**EXERCISE DIRECTIONS**
Every line containing the word "families" must be pulled from the records.

** Opening EXERCISE INPUT block **

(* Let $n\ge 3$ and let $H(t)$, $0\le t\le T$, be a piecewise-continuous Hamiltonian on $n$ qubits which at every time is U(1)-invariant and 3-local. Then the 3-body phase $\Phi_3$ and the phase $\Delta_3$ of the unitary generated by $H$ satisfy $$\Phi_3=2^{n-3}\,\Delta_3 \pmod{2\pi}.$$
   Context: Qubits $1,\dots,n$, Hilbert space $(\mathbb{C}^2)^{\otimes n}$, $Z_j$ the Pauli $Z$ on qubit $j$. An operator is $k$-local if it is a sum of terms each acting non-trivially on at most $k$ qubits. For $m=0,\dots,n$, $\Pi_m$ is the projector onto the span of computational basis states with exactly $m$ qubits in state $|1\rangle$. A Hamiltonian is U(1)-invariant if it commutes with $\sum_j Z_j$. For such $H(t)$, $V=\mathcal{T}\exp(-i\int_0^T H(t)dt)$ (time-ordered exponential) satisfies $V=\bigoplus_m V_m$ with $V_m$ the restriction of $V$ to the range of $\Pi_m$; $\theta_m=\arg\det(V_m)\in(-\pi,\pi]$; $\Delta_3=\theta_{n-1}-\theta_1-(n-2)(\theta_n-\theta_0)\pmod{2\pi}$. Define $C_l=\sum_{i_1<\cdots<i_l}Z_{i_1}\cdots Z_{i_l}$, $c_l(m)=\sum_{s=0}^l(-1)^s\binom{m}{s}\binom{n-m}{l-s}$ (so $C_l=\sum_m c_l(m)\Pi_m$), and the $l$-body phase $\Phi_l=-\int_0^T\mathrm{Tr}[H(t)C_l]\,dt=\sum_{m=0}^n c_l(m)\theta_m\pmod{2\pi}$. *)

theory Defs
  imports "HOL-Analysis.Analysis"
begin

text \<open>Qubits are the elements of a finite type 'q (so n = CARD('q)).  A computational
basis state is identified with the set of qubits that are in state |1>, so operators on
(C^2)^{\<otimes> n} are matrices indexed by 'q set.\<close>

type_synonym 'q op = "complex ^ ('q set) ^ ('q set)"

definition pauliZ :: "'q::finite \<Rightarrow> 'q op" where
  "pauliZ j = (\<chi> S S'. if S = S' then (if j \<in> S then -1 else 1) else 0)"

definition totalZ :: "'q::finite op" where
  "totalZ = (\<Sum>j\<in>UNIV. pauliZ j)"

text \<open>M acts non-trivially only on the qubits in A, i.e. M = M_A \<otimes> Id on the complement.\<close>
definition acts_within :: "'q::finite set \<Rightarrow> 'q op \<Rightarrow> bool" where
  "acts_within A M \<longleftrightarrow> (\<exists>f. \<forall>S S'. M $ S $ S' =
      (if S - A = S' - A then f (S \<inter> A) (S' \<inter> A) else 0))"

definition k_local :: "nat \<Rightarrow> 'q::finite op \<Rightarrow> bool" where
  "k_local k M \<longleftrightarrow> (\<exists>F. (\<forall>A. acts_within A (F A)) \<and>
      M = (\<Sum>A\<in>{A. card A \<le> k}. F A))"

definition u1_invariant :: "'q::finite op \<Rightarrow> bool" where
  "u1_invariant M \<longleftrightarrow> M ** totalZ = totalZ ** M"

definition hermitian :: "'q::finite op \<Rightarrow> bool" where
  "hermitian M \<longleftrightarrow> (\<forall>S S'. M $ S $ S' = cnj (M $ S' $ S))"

** Closing EXERCISE INPUT block **
** Opening EXERCISE INPUT block **

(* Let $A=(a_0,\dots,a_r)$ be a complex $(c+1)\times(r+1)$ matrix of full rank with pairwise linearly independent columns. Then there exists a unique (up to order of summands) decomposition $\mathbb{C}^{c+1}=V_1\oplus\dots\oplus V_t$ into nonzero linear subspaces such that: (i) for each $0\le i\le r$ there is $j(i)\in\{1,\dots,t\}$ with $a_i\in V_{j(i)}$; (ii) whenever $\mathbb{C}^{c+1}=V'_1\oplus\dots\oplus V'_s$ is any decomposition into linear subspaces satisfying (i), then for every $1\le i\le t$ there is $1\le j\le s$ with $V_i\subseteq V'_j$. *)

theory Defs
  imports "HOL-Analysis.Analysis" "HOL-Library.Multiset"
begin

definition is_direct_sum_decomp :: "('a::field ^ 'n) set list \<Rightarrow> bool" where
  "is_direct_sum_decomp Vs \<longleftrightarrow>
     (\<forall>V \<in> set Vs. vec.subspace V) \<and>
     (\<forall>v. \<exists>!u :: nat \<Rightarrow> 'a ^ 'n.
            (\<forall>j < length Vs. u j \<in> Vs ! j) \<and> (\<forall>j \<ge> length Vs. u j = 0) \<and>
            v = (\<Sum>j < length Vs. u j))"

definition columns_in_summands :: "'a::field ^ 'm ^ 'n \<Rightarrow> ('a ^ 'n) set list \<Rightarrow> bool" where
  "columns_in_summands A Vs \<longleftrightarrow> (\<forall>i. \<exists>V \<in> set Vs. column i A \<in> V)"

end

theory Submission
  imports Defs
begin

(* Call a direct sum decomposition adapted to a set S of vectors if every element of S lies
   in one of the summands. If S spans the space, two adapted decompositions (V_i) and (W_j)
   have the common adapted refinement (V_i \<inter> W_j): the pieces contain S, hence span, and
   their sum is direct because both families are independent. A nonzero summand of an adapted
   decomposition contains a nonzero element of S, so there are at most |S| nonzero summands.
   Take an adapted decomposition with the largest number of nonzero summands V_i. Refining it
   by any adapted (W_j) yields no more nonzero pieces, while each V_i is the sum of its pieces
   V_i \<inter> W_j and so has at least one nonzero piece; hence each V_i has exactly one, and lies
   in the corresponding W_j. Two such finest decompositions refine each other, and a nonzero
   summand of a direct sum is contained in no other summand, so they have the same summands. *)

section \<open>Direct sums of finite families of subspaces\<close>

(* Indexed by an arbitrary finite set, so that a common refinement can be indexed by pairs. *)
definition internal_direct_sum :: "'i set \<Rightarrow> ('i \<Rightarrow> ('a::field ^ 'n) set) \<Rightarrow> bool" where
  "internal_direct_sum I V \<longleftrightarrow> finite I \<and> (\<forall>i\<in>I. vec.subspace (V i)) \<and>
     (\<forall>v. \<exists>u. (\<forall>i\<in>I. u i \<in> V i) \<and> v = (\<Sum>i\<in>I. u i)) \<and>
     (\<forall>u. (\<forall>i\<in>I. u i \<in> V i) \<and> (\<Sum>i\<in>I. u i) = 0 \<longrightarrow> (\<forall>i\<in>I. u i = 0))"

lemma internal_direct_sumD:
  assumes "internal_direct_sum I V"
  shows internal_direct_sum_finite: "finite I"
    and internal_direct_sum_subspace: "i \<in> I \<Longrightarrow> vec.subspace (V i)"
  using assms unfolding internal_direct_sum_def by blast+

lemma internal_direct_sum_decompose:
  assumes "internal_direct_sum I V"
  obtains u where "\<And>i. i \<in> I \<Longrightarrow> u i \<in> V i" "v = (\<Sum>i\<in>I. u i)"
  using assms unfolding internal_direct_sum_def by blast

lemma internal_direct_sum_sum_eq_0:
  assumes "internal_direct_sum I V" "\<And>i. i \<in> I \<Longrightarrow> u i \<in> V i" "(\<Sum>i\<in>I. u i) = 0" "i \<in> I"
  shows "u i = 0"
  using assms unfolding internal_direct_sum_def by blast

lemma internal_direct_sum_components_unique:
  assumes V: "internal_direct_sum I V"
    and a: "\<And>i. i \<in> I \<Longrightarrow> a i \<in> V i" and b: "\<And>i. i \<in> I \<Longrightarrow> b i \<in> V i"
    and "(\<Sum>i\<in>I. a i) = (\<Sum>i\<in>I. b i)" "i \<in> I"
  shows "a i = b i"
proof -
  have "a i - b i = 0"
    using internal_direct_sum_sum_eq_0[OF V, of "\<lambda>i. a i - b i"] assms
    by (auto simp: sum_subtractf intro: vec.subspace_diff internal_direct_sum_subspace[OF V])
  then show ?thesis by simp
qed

** Closing EXERCISE INPUT block **

**EXPECTED OUTPUT**
   their sum is direct because both families are independent. A nonzero summand of an adapted
section \<open>Direct sums of finite families of subspaces\<close>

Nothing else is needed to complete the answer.